Kucklich, J. (2007). Homo deludens: Cheating as a methodological tool in digital games research. CONVERGENCE-LONDON-, 13(4), 355.
Kucklich's article is focused on the utility of cheating in games research, ie. cheating as a method. He is responding to some games researchers who believe cheating is not an acceptable research method.
'Cheating' in video games (and games more generally) is not clearly defined.
The article focuses on single-player games, with only a little time given to multiplayer cheating.
One objection to cheating is that it does not allow the researcher to experience the 'normal' game.
Another interesting point about cheating is its relation to the enculturation of the researcher. Kucklich points out that games researchers are generally expected to be more enculturated than other researchers, to be more 'native'. Are they resistant to cheating as part of this enculturation? or should they make use of game guides and cheat codes because these are part of the normal use of video games?
Another assumption is that the primary use of cheats in games by researchers is to make progress through the game easier. Kucklich would like to argue that there is an aesthetic component to cheating as well.
In a single-player game, cheating allows the researcher to explore the game more thoroughly and from other angles. Cheating allows the game to be 'deconstructed'. It "denaturalizes gamespace, and counteracts the manifold representational strategies used to make it appear realistic." It explores "the dialectic between exerting control and surrendering to the control of the game."

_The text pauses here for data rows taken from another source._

lemma triangular_system_solvable:
  fixes c :: "'i \<Rightarrow> 'i \<Rightarrow> 'a::field" and rank :: "'i \<Rightarrow> nat"
  assumes fin: "finite I" and diag: "\<And>i. i \<in> I \<Longrightarrow> c i i \<noteq> 0"
    and triangular: "\<And>i i'. i \<in> I \<Longrightarrow> i' \<in> I \<Longrightarrow> i' \<noteq> i \<Longrightarrow> c i i' \<noteq> 0 \<Longrightarrow> rank i' < rank i"
  shows "\<exists>v. \<forall>i\<in>I. (\<Sum>i'\<in>I. c i i' * v i') = g i"
proof -
  have "\<exists>v. \<forall>i\<in>I. rank i < n \<longrightarrow> (\<Sum>i'\<in>I. c i i' * v i') = g i" for n
  proof (induction n)
    case 0
    then show ?case by simp
  next
    case (Suc n)
    then obtain v where v: "\<forall>i\<in>I. rank i < n \<longrightarrow> (\<Sum>i'\<in>I. c i i' * v i') = g i" by blast
    define v' where
      "v' i = (if rank i = n then (g i - (\<Sum>i'\<in>I - {i}. c i i' * v i')) / c i i else v i)" for i
    have off_diag: "(\<Sum>i'\<in>I - {i}. c i i' * v' i') = (\<Sum>i'\<in>I - {i}. c i i' * v i')"
      if "i \<in> I" "rank i \<le> n" for i
    proof (rule sum.cong)
      fix i' assume "i' \<in> I - {i}"
      then show "c i i' * v' i' = c i i' * v i'"
        using triangular[of i i'] that by (cases "c i i' = 0") (auto simp: v'_def)
    qed simp
    have split: "(\<Sum>i'\<in>I. c i i' * w i') = c i i * w i + (\<Sum>i'\<in>I - {i}. c i i' * w i')"
      if "i \<in> I" for i w
      using fin that by (simp add: sum.remove)
    show ?case
    proof (intro exI ballI impI)
      fix i assume i: "i \<in> I" "rank i < Suc n"
      show "(\<Sum>i'\<in>I. c i i' * v' i') = g i"
      proof (cases "rank i = n")
        case True
        then show ?thesis using diag[OF i(1)] split[OF i(1)] off_diag[OF i(1)] by (simp add: v'_def)
      next
        case False
        then have "v' i = v i" by (simp add: v'_def)
        then have "(\<Sum>i'\<in>I. c i i' * v' i') = c i i * v i + (\<Sum>i'\<in>I - {i}. c i i' * v i')"
          using split[OF i(1), of v'] off_diag[OF i(1)] i by simp
        also have "\<dots> = (\<Sum>i'\<in>I. c i i' * v i')" using split[OF i(1), of v] by simp
        also have "\<dots> = g i" using v i False by simp
        finally show ?thesis .
      qed
    qed
  qed
  then obtain v where v: "\<forall>i\<in>I. rank i < Suc (\<Sum>i\<in>I. rank i) \<longrightarrow> (\<Sum>i'\<in>I. c i i' * v i') = g i"
    by blast
  have "rank i < Suc (\<Sum>i\<in>I. rank i)" if "i \<in> I" for i
    using member_le_sum[OF that _ fin, of rank] by simp
  then show ?thesis using v by blast
qed

text \<open>\<open>ord_less k ord t p q\<close>: at level \<open>t\<close> the eigenspace block of \<open>p\<close> strictly precedes that
  of \<open>q\<close>, so that \<open>u\<^sub>t\<^sup>+\<close> consists of the matrices supported in \<open>ord_less k ord t\<close>; the bound
  \<open>t \<le> k - 2\<close> makes this relation empty at the levels where \<open>u\<^sub>t\<^sup>+ = 0\<close>.\<close>
definition ord_less :: "nat \<Rightarrow> (nat \<Rightarrow> 'n \<Rightarrow> 'n \<Rightarrow> bool) \<Rightarrow> nat \<Rightarrow> 'n \<Rightarrow> 'n \<Rightarrow> bool" where
  "ord_less k ord t p q \<longleftrightarrow> t \<le> k - 2 \<and> ord t p q \<and> \<not> ord t q p"

lemma ord_less_irrefl: "\<not> ord_less k ord t p p"
  by (simp add: ord_less_def)

lemma dT_entry:
  "dT k T t $ p $ q = (if 1 \<le> t \<and> t < k then - of_nat t * T t $ p $ q else 0)"
  by (simp add: dT_def vector_scaleR_component scaleR_conv_of_real[where 'a=complex])

context
  fixes k :: nat and T :: "nat \<Rightarrow> 'n::finite cmat" and ord :: "nat \<Rightarrow> 'n \<Rightarrow> 'n \<Rightarrow> bool"
  assumes k_gt_1: "k > 1"
    and diag_T: "\<forall>i. 1 \<le> i \<and> i \<le> k - 1 \<longrightarrow> diag_mat (T i)"
    and admissible: "admissible_orders k T ord"
begin

lemma ord_preorder_level:
  assumes "t \<le> k - 2"
  shows "ord t p r \<Longrightarrow> ord t r q \<Longrightarrow> ord t p q"
    and "ord t p q \<or> ord t q p"
    and "ord t p q \<and> ord t q p \<longleftrightarrow> same_eig k T t p q"
proof -
  have "(\<forall>a b c. ord t a b \<longrightarrow> ord t b c \<longrightarrow> ord t a c) \<and> (\<forall>a b. ord t a b \<or> ord t b a) \<and>
      (\<forall>a b. (ord t a b \<and> ord t b a) \<longleftrightarrow> same_eig k T t a b)"
    using spec[OF conjunct1[OF admissible[unfolded admissible_orders_def]], of t] assms by (rule mp)
  then show "ord t p r \<Longrightarrow> ord t r q \<Longrightarrow> ord t p q" "ord t p q \<or> ord t q p"
      "ord t p q \<and> ord t q p \<longleftrightarrow> same_eig k T t p q"
    by blast+
qed

lemma ord_refl: "t \<le> k - 2 \<Longrightarrow> ord t p p"
  using ord_preorder_level(2) by blast

lemma ord_less_Suc_level:
  assumes "ord_less k ord (Suc t) p q"
  shows "ord_less k ord t p q"
proof -
  have "t + 1 \<le> k - 2 \<longrightarrow> ord (t + 1) p q \<and> \<not> ord (t + 1) q p \<longrightarrow> ord t p q \<and> \<not> ord t q p"
    using conjunct2[OF admissible[unfolded admissible_orders_def]] by blast
  then show ?thesis using assms by (simp add: ord_less_def)
qed

lemma ord_less_antimono_level: "t \<le> t' \<Longrightarrow> ord_less k ord t' p q \<Longrightarrow> ord_less k ord t p q"
  by (induction t' rule: dec_induct) (auto intro: ord_less_Suc_level)

lemma ord_mono_level:
  assumes "t \<le> t'" "t' \<le> k - 2" "ord t p q"
  shows "ord t' p q"
proof (rule ccontr)
  assume "\<not> ord t' p q"
  then have "ord_less k ord t' q p"
    using ord_preorder_level(2)[OF assms(2), of p q] assms(2) by (simp add: ord_less_def)
  then show False
    using ord_less_antimono_level[OF assms(1)] assms(3) by (simp add: ord_less_def)
qed

lemma ord_less_ord_trans: "ord_less k ord t p r \<Longrightarrow> ord t r q \<Longrightarrow> ord_less k ord t p q"
  unfolding ord_less_def using ord_preorder_level(1) by blast

lemma ord_ord_less_trans: "ord t p r \<Longrightarrow> ord_less k ord t r q \<Longrightarrow> ord_less k ord t p q"
  unfolding ord_less_def using ord_preorder_level(1) by blast

lemma dT_off_diagonal: "p \<noteq> q \<Longrightarrow> dT k T t $ p $ q = 0"
  using diag_T by (auto simp: dT_entry diag_mat_def)

lemma matrix_mult_dT_entry: "(A ** dT k T t) $ p $ q = A $ p $ q * dT k T t $ q $ q"
  unfolding matrix_matrix_mult_def
  by (simp add: sum.remove[of UNIV q] dT_off_diagonal)
(* Let $\mathbf{u}=(u_1,u_2)$ be a pair of real binary forms of degree $d$. Then there exist real binary forms $g$ of degree $m$, $h$ of degree $k$, and $u_1',u_2'$ of degree $d-m-k$ such that: $(u_1,u_2)=(u_1'gh,\,u_2'gh)$; $\gcd(u_1,u_2)=gh$; $\gcd(u_1',u_2')=1$; $\gcd(u_1'^2+u_2'^2,\,g)=1$; and every (possibly complex) root of $h$ is a root of $u_1'^2+u_2'^2$. Moreover, this decomposition is unique up to multiplication by constants.
   Context: A real binary form of degree $d$ is a homogeneous polynomial of degree $d$ in two variables $x_1,x_2$ with real coefficients. Every binary form factors over $\mathbb{C}$ into linear factors $\prod_i(\alpha_i x_1-\beta_i x_2)$, uniquely up to scalars; a root of a binary form is a point $(\beta_i:\alpha_i)$ (a nonzero complex zero up to scaling). For binary forms, $a$ divides $b$ if $b=wa$ for some binary form $w$; $\gcd(a,b)$ is a common divisor of highest degree (unique up to scalar), and $a,b$ are coprime if $\gcd(a,b)=1$ (a constant). *)

theory Defs
  imports "HOL-Computational_Algebra.Polynomial" Complex_Main
begin

text \<open>A real binary form of degree d is
  represented by the pair (d, p) with p a real univariate polynomial of degree at most d;
  the form is  F(x1,x2) = sum_{i<=d} coeff p i * x1^i * x2^(d-i).
  Products of forms: (d,p)*(e,q) = (d+e, p*q); sums of forms of equal degree:
  (d,p)+(d,q) = (d,p+q).\<close>

definition is_bform :: "nat \<Rightarrow> real poly \<Rightarrow> bool" where
  "is_bform d p \<longleftrightarrow> degree p \<le> d"

definition bf_eval :: "nat \<Rightarrow> real poly \<Rightarrow> complex \<Rightarrow> complex \<Rightarrow> complex" where
  "bf_eval d p x1 x2 = (\<Sum>i\<le>d. complex_of_real (coeff p i) * x1 ^ i * x2 ^ (d - i))"

definition bf_dvd :: "nat \<Rightarrow> real poly \<Rightarrow> nat \<Rightarrow> real poly \<Rightarrow> bool" where
  "bf_dvd e q d p \<longleftrightarrow> e \<le> d \<and> (\<exists>w. is_bform (d - e) w \<and> p = w * q)"

definition bf_is_gcd :: "nat \<Rightarrow> real poly \<Rightarrow> nat \<Rightarrow> real poly \<Rightarrow> nat \<Rightarrow> real poly \<Rightarrow> bool" where
  "bf_is_gcd d1 p1 d2 p2 e q \<longleftrightarrow>
     is_bform e q \<and> bf_dvd e q d1 p1 \<and> bf_dvd e q d2 p2 \<and>
     (\<forall>e' q'. is_bform e' q' \<and> bf_dvd e' q' d1 p1 \<and> bf_dvd e' q' d2 p2 \<longrightarrow> e' \<le> e)"

definition bf_coprime :: "nat \<Rightarrow> real poly \<Rightarrow> nat \<Rightarrow> real poly \<Rightarrow> bool" where
  "bf_coprime d1 p1 d2 p2 \<longleftrightarrow> bf_is_gcd d1 p1 d2 p2 0 1"

text \<open>The decomposition of the pair (u1,u2) of forms of degree d, with g of degree m,
  h of degree k, and v1 = u1', v2 = u2' of degree d - m - k.\<close>
definition bf_decomp :: "nat \<Rightarrow> real poly \<Rightarrow> real poly \<Rightarrow> nat \<Rightarrow> nat \<Rightarrow>
    real poly \<Rightarrow> real poly \<Rightarrow> real poly \<Rightarrow> real poly \<Rightarrow> bool" where
  "bf_decomp d u1 u2 m k g h v1 v2 \<longleftrightarrow>
     m + k \<le> d \<and> is_bform m g \<and> is_bform k h \<and>
     is_bform (d - m - k) v1 \<and> is_bform (d - m - k) v2 \<and>
     u1 = v1 * g * h \<and> u2 = v2 * g * h \<and>
     bf_is_gcd d u1 d u2 (m + k) (g * h) \<and>
     bf_coprime (d - m - k) v1 (d - m - k) v2 \<and>
     bf_coprime (2 * (d - m - k)) (v1 ^ 2 + v2 ^ 2) m g \<and>
     (\<forall>x1 x2. (x1, x2) \<noteq> (0, 0) \<and> bf_eval k h x1 x2 = 0 \<longrightarrow>
        bf_eval (2 * (d - m - k)) (v1 ^ 2 + v2 ^ 2) x1 x2 = 0)"

end

theory Submission
  imports Defs "HOL-Computational_Algebra.Fundamental_Theorem_Algebra"
    "HOL-Computational_Algebra.Polynomial_Factorial" "HOL-Computational_Algebra.Field_as_Ring"
begin

text \<open>Dehomogenising at \<open>x\<^sub>2 = 1\<close> identifies a real form of degree \<open>d\<close> with a real
  polynomial of degree at most \<open>d\<close>; the form has the extra root \<open>(1:0)\<close> exactly when the
  degree drops, with multiplicity the drop.  So the gcd of two forms is the polynomial gcd
  times the power of \<open>x\<^sub>2\<close> given by the common degree defect.  Dividing it out leaves
  coprime \<open>u\<^sub>1', u\<^sub>2'\<close>; they do not both vanish at \<open>(1:0)\<close>, hence neither does the sum of
  real squares \<open>s = u\<^sub>1'\<^sup>2 + u\<^sub>2'\<^sup>2\<close>, and the power of \<open>x\<^sub>2\<close> goes into \<open>g\<close>.  The polynomial
  gcd splits as \<open>g h\<close> with \<open>g\<close> coprime to \<open>s\<close> and \<open>h\<close> dividing a power of \<open>s\<close>.
  Uniqueness: the gcd is determined up to a constant, and as all complex roots of \<open>h\<close> are
  roots of \<open>s\<close> while those of \<open>g'\<close> are not, \<open>h\<close> is coprime to \<open>g'\<close> and divides \<open>h'\<close>, and
  symmetrically.\<close>

abbreviation cpoly :: "real poly \<Rightarrow> complex poly" where
  "cpoly \<equiv> map_poly of_real"

lemma cpoly_add: "cpoly (p + q) = cpoly p + cpoly q"
  by (simp add: poly_eq_iff coeff_map_poly)

lemma cpoly_mult: "cpoly (p * q) = cpoly p * cpoly q"
  by (simp add: poly_eq_iff coeff_map_poly coeff_mult)
(* Let $N\ge 2$ agents communicate over a fixed, undirected, connected graph; let $\mathcal N_i\neq\emptyset$ be the neighbor set of agent $i$. Fix weights $w_1,w_2,w_3>0$, a sampling period $h>0$, constants $d>0$, $\nu>0$, arbitrary initial values $\delta^0_{i,1},\dot\delta^0_{i,1}\in\mathbb R$, and real numbers $\alpha_i^k$ ($i=1,\dots,N$, $k\ge1$) satisfying \[ |\alpha_i^k|\le d\,e^{-\nu k h}\qquad\text{for all } i \text{ and all } k\ge 1 . \] Let the sequences $\delta^k_{i,0},\dot\delta^k_{i,0},u^k_{i,0},\delta^k_{i,1},\dot\delta^k_{i,1}$ ($k\ge1$) be generated by the unconstrained one-step distributed MPC scheme described in the context. Then, for all sufficiently small $h>0$, there exist $r_h\in(0,1)$, $M_0^h>0$ and $\dot M_0^h>0$ such that for all $k\ge1$ and all $i,j\in\{1,\dots,N\}$, \[ |\delta_{i,0}^k-\delta_{j,0}^k|\le M_0^h\, r_h^k,\qquad |\dot\delta_{i,0}^k|\le \dot M_0^h\, r_h^k . \] In particular $\delta_{i,0}^k-\delta_{j,0}^k\to0$ and $\dot\delta_{i,0}^k\to0$ as $k\to\infty$.
   Context: Unconstrained distributed MPC scheme with prediction horizon $K=1$ (virtual-time deviation coordination). For $k=1,2,\dots$ and each agent $i$, define recursively \[ \delta^k_{i,0}=\delta^{k-1}_{i,1}-\alpha_i^k,\qquad \dot\delta^k_{i,0}=\dot\delta^{k-1}_{i,1}, \] let $u^k_{i,0}$ be the unique minimizer over $u\in\mathbb R$ of \[ \frac{w_1}{|\mathcal N_i|}\sum_{j\in\mathcal N_i}\Big(\delta^k_{i,0}+h\dot\delta^k_{i,0}+\tfrac{h^2}{2}u-\delta^{k-1}_{j,1}\Big)^2+w_2\big(\dot\delta^k_{i,0}+hu\big)^2+w_3u^2, \] and set \[ \delta^k_{i,1}=\delta^k_{i,0}+h\dot\delta^k_{i,0}+\tfrac{h^2}{2}u^k_{i,0},\qquad \dot\delta^k_{i,1}=\dot\delta^k_{i,0}+h\,u^k_{i,0}. \] Equivalently, $u^k_{i,0}=-a^h\frac{1}{|\mathcal N_i|}\sum_{j\in\mathcal N_i}(\delta^{k-1}_{i,1}-\delta^{k-1}_{j,1})-b^h\dot\delta^{k-1}_{i,1}+a^h\alpha_i^k$, where \[ a^h=\frac{w_1h^2}{2\left(w_3+w_2h^2+w_1\frac{h^4}{4}\right)},\qquad b^h=\frac{w_2h+w_1\frac{h^3}{2}}{w_3+w_2h^2+w_1\frac{h^4}{4}}. \] Here $\delta$ denotes the deviation of an agent's virtual time from real time, $\dot\delta$ the deviation of its rate from $1$, and $\alpha_i^k$ a path-following correction term. *)

theory Defs
  imports "HOL-Analysis.Analysis"
begin

text \<open>Agents are the elements of a finite type 'a; the communication graph is a
relation E (E i j: j is a neighbour of i).\<close>

definition nbrs :: "('a \<Rightarrow> 'a \<Rightarrow> bool) \<Rightarrow> 'a \<Rightarrow> 'a set" where
  "nbrs E i = {j. E i j}"

definition mpc_cost ::
  "real \<Rightarrow> real \<Rightarrow> real \<Rightarrow> real \<Rightarrow> 'a set \<Rightarrow> ('a \<Rightarrow> real) \<Rightarrow> real \<Rightarrow> real \<Rightarrow> real \<Rightarrow> real" where
  "mpc_cost w1 w2 w3 h Nb prev d0 dd0 u =
     w1 / real (card Nb) * (\<Sum>j\<in>Nb. (d0 + h * dd0 + h^2 / 2 * u - prev j)^2)
     + w2 * (dd0 + h * u)^2 + w3 * u^2"

definition mpc_input ::
  "real \<Rightarrow> real \<Rightarrow> real \<Rightarrow> real \<Rightarrow> 'a set \<Rightarrow> ('a \<Rightarrow> real) \<Rightarrow> real \<Rightarrow> real \<Rightarrow> real" where
  "mpc_input w1 w2 w3 h Nb prev d0 dd0 =
     (THE u. \<forall>v. mpc_cost w1 w2 w3 h Nb prev d0 dd0 u \<le> mpc_cost w1 w2 w3 h Nb prev d0 dd0 v)"

text \<open>mpc_state ... k i = (delta^k_{i,1}, deltadot^k_{i,1}); k = 0 gives the initial values.\<close>
primrec mpc_state ::
  "real \<Rightarrow> real \<Rightarrow> real \<Rightarrow> real \<Rightarrow> ('a \<Rightarrow> 'a \<Rightarrow> bool) \<Rightarrow> (nat \<Rightarrow> 'a \<Rightarrow> real)
   \<Rightarrow> ('a \<Rightarrow> real) \<Rightarrow> ('a \<Rightarrow> real) \<Rightarrow> nat \<Rightarrow> 'a \<Rightarrow> real \<times> real" where
  "mpc_state w1 w2 w3 h E alpha x0 v0 0 = (\<lambda>i. (x0 i, v0 i))"
| "mpc_state w1 w2 w3 h E alpha x0 v0 (Suc k) =
     (let S = mpc_state w1 w2 w3 h E alpha x0 v0 k in
      (\<lambda>i. let d0 = fst (S i) - alpha (Suc k) i;
               dd0 = snd (S i);
               u = mpc_input w1 w2 w3 h (nbrs E i) (\<lambda>j. fst (S j)) d0 dd0
           in (d0 + h * dd0 + h^2 / 2 * u, dd0 + h * u)))"

text \<open>delta^k_{i,0} and deltadot^k_{i,0} (meaningful for k \<ge> 1).\<close>
definition mpc_delta0 ::
  "real \<Rightarrow> real \<Rightarrow> real \<Rightarrow> real \<Rightarrow> ('a \<Rightarrow> 'a \<Rightarrow> bool) \<Rightarrow> (nat \<Rightarrow> 'a \<Rightarrow> real)
   \<Rightarrow> ('a \<Rightarrow> real) \<Rightarrow> ('a \<Rightarrow> real) \<Rightarrow> nat \<Rightarrow> 'a \<Rightarrow> real" where
  "mpc_delta0 w1 w2 w3 h E alpha x0 v0 k i =
     fst (mpc_state w1 w2 w3 h E alpha x0 v0 (k - 1) i) - alpha k i"

definition mpc_ddelta0 ::
  "real \<Rightarrow> real \<Rightarrow> real \<Rightarrow> real \<Rightarrow> ('a \<Rightarrow> 'a \<Rightarrow> bool) \<Rightarrow> (nat \<Rightarrow> 'a \<Rightarrow> real)
   \<Rightarrow> ('a \<Rightarrow> real) \<Rightarrow> ('a \<Rightarrow> real) \<Rightarrow> nat \<Rightarrow> 'a \<Rightarrow> real" where
  "mpc_ddelta0 w1 w2 w3 h E alpha x0 v0 k i =
     snd (mpc_state w1 w2 w3 h E alpha x0 v0 (k - 1) i)"

end

theory Submission
  imports Defs
begin

text \<open>With \<open>u\<close> the rate deviation divided by \<open>h\<close> and \<open>\<epsilon> = h\<^sup>2\<close>, one MPC step is an explicit
  discretisation of the damped second-order consensus dynamics \<open>x' = u\<close>,
  \<open>u' = -(a\<^sup>h/h\<^sup>2) L x - (b\<^sup>h/h) u\<close>, driven by the path-following corrections \<open>\<alpha>\<close>, where \<open>L\<close>
  is the random-walk Laplacian of the graph. A tilted energy of this system contracts by a
  factor \<open>1 - \<kappa>\<epsilon>\<close> per step, uniformly for small \<open>h\<close>: the spectral gap of the connected graph
  turns the first-order dissipation into a decrease of the whole energy, and the
  \<open>O(\<epsilon>\<^sup>2)\<close> terms are absorbed once \<open>\<epsilon>\<close> is small. The square root of the energy is a
  seminorm, so the exponentially small corrections only add a geometric forcing term, and
  both the disagreements and the rate deviations decay geometrically.\<close>

lemma quadratic_nonneg_imp_discriminant_le:
  fixes a b c :: real
  assumes nonneg: "\<And>t. 0 \<le> a + 2 * t * b + t^2 * c" and "c \<ge> 0"
  shows "b^2 \<le> a * c"
proof (cases "c = 0")
  case True
  show ?thesis
  proof (rule ccontr)
    assume "\<not> ?thesis"
    then have "b \<noteq> 0"
      using True by simp
    then have "a + 2 * (- (a + 1) / (2 * b)) * b + (- (a + 1) / (2 * b))^2 * c = -1"
      using True by (simp add: field_simps)
    then show False
      using nonneg[of "- (a + 1) / (2 * b)"] by simp
  qed
next
  case False
  then have "c > 0"
    using \<open>c \<ge> 0\<close> by simp
  have "0 \<le> a + 2 * (- b / c) * b + (- b / c)^2 * c"
    by (rule nonneg)
  also have "\<dots> = a - b^2 / c"
    using \<open>c > 0\<close> by (simp add: power2_eq_square field_simps)
  finally show ?thesis
    using \<open>c > 0\<close> by (simp add: pos_divide_le_eq)
qed

text \<open>The triangle inequality for the square root of a nonnegative quadratic form \<open>q\<close>, with
  \<open>a = q x\<close>, \<open>c = q y\<close> and \<open>b\<close> their polar form.\<close>

lemma sqrt_quadratic_le:
  fixes a b c :: real
  assumes "\<And>t. 0 \<le> a + 2 * t * b + t^2 * c" and "c \<ge> 0"
  shows "sqrt (a + 2 * b + c) \<le> sqrt a + sqrt c"
proof -
  have "a \<ge> 0"
    using assms(1)[of 0] by simp
  have "b \<le> sqrt a * sqrt c"
    using quadratic_nonneg_imp_discriminant_le[OF assms] \<open>a \<ge> 0\<close> \<open>c \<ge> 0\<close>
    by (metis real_le_rsqrt real_sqrt_mult)
  then have "a + 2 * b + c \<le> (sqrt a + sqrt c)^2"
    using \<open>a \<ge> 0\<close> \<open>c \<ge> 0\<close> by (simp add: power2_sum)
  then show ?thesis
    using \<open>a \<ge> 0\<close> \<open>c \<ge> 0\<close> by (simp add: real_le_lsqrt)
qed
lemma rep_to_list:
  assumes "is_rep A S w e"
  obtains ts where "sum_list ts = 1" and "length ts = (\<Sum>a\<in>S. w a)" and "abs ` set ts = int ` S"
proof -
  have S: "finite S" "\<forall>a\<in>S. w a \<ge> 1 \<and> e a \<in> {1, -1}" "(\<Sum>a\<in>S. e a * int (w a) * int a) = 1"
    using assms by (auto simp: is_rep_def)
  obtain xs where xs: "distinct xs" "set xs = S" using S(1) finite_distinct_list by blast
  define ts where "ts = concat (map (\<lambda>a. replicate (w a) (e a * int a)) xs)"
  have "sum_list ts = (\<Sum>a\<leftarrow>xs. int (w a) * (e a * int a))"
    unfolding ts_def by (induction xs) (auto simp: sum_list_replicate)
  also have "\<dots> = (\<Sum>a\<in>S. int (w a) * (e a * int a))"
    using sum.distinct_set_conv_list[OF xs(1), of "\<lambda>a. int (w a) * (e a * int a)"] xs(2) by simp
  also have "\<dots> = (\<Sum>a\<in>S. e a * int (w a) * int a)"
    by (simp add: algebra_simps)
  finally have "sum_list ts = 1" using S by simp
  moreover have "length ts = (\<Sum>a\<in>S. w a)"
    unfolding ts_def using sum.distinct_set_conv_list[OF xs(1), of w] xs(2)
    by (simp add: length_concat comp_def)
  moreover have "abs ` set ts = int ` S"
  proof -
    have "set ts = (\<lambda>a. e a * int a) ` S"
      unfolding ts_def using S(2) xs(2) by fastforce
    then have "abs ` set ts = (\<lambda>a. \<bar>e a * int a\<bar>) ` S" by (simp add: image_image)
    also have "\<dots> = int ` S" using S(2) by (intro image_cong) (auto simp: abs_mult)
    finally show ?thesis .
  qed
  ultimately show ?thesis using that by blast
qed

(* The geometric realization of a single representation of 1: the staircase of its summands
   together with the points r_b + b, b \<in> A - S, where r_b = 1 / (n (b + 2)). *)
lemma geometric_realization:
  assumes rep: "is_rep A S w e" and fin: "finite A" and A0: "0 \<notin> A"
  shows "\<exists>K. N_set K \<and> A = pos_diffs K \<and> nset_weight K \<le> enat (rep_weight A S w)"
proof -
  obtain ts where ts: "sum_list ts = 1" "length ts = (\<Sum>a\<in>S. w a)" "abs ` set ts = int ` S"
    using rep_to_list[OF rep] by blast
  have SA: "S \<subseteq> A" using rep by (simp add: is_rep_def)
  define n where "n = length ts"
  have len0: "length ts > 0" using ts(1) by (cases ts) auto
  then have "1 \<le> n" unfolding n_def by linarith
  define B where "B = A - S"
  have finB: "finite B" and B0: "0 \<notin> B" using fin A0 by (auto simp: B_def)
  define r where "r b = 1 / (real n * (real b + 2))" for b :: nat
  have r_pos: "0 < r b" for b using \<open>1 \<le> n\<close> by (simp add: r_def)
  have r_small: "r b < 1 / real (length ts)" for b
  proof -
    have "(1 / real n) * (1 / (real b + 2)) < (1 / real n) * 1"
      using \<open>1 \<le> n\<close> by (intro mult_strict_left_mono) auto
    then show ?thesis by (simp add: r_def n_def)
  qed
  have "1 / real (length ts) \<le> 1" using \<open>1 \<le> n\<close> unfolding n_def[symmetric] by simp
  then have r01: "0 \<le> r b \<and> r b < 1" for b using r_pos[of b] r_small[of b] by linarith
  have "inj_on r B" using \<open>1 \<le> n\<close> by (auto simp: r_def inj_on_def)
  define K where "K = staircase ts \<union> (\<lambda>b. r b + real b) ` B"
  have "compact K" unfolding K_def
    by (rule compact_Un[OF staircase_compact finite_imp_compact[OF finite_imageI[OF finB]]])
  moreover have "\<forall>x. \<exists>y\<in>K. x - y \<in> \<int>" using staircase_covers[OF len0] unfolding K_def by blast
  ultimately have "N_set K" by (simp add: N_set_def)
  moreover have "pos_diffs K = A"
  proof -
    have "pos_diffs (staircase ts) = {m. m > 0 \<and> m \<in> S}"
      using staircase_pos_diffs[OF ts(1)] unfolding ts(3) by (simp add: inj_image_mem_iff)
    also have "\<dots> = S" using A0 SA by (auto intro: gr0I)
    finally have "pos_diffs (staircase ts) = S" .
    moreover have "pos_diffs K = pos_diffs (staircase ts) \<union> B"
      unfolding K_def using \<open>inj_on r B\<close> r01 B0
        staircase_isolated_class[OF len0 r_pos r_small] by (intro pos_diffs_adjoin) auto
    ultimately show ?thesis using SA by (auto simp: B_def)
  qed
  moreover have "nset_weight K \<le> enat (rep_weight A S w)"
  proof -
    have "nset_weight K \<le> enat (n + card ((\<lambda>b. r b + real b) ` B))"
      unfolding K_def n_def by (rule nset_weight_staircase_Un[OF len0 finite_imageI[OF finB]])
    also have "\<dots> \<le> enat (n + card B)" using card_image_le[OF finB] by simp
    also have "n + card B = rep_weight A S w"
      unfolding rep_weight_def B_def n_def ts(2)
      using card_Diff_subset[OF finite_subset[OF SA fin] SA] card_mono[OF fin SA] by simp
    finally show ?thesis .
  qed
  ultimately show ?thesis by auto
qed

A section on genre-specific cheats references Kucklich's 'triangular matrix' for categorizing games.
Another section gives a brief overview of the literature on cheating and culture. This section includes a short discussion of MMO cheating.
The purpose of the article is to raise debate on cheating in MMOs among game studies scholars, and move the discussion away from the instrumentality of cheating to the aesthetics and culture of cheating. The article raises more questions than it answers. There are two parts I find useful: one is the bibliography on cheating, the second is Kucklich's argument that cheating is a deconstruction of the game.
I would see cheating and griefing online as behaviors that also work to 'deconstruct' the online space. This is particularly apparent among extremely self-aware groups like those out of 4chan or Something Awful. Their griefing if Anshe Chung in SL, for example, seems to point out the absurdity of making a fortune on virtual property. It refuses to take SL seriously. Similarly, goons in EVE routinely refer to the game as 'Internet spaceships' and claim to be playing not EVE but 'Something Awful'. These behaviors, like using no_clip to fly around a level of Deus Ex, seek to look at a game from outside.
One of the most interesting statements in the article was that 'cheating' "is a more fundamental form of play than playing by the rules", which Kucklich attributes to one of the contributors to his online discussion (357). However, this is not discussed further. One could see this addressed perhaps in Kucklich's assertion that cheating plays with the control inherent in the game - perhaps playing within and against rules is the more fundamental form of play that this unnamed contributor was referring to.
good citations:
Jakobsson, P. and Pargman, D. (2005) ‘Configuring the Player: Subversive Behavior in Project Entropia’, paper presented at the Changing Views, Worlds in Play Conference, Vancouver, BC (Canada), 16–20 June. URL (accessed 9 July 2007): http://www.digra.org/dl/db/06276.20328.pdf
Myers, D. (2005) ‘What’s Good About Bad Play?’, in Y. Pisan (ed.) Proceedings of the Second Australasian Conference on Interactive Entertainment, pp. 133–40. Sydney, Australia: Creativity and Cognition Studios Press. URL (accessed 9 July 2007): http://portal.acm.org/citation.cfm?id=1109201#
Kimppa, K.K. and Bissett, A.K. (2005) ‘The Ethical Significance of Cheating in Online Computer Games’, International Review of Information Ethics 4: 31–8.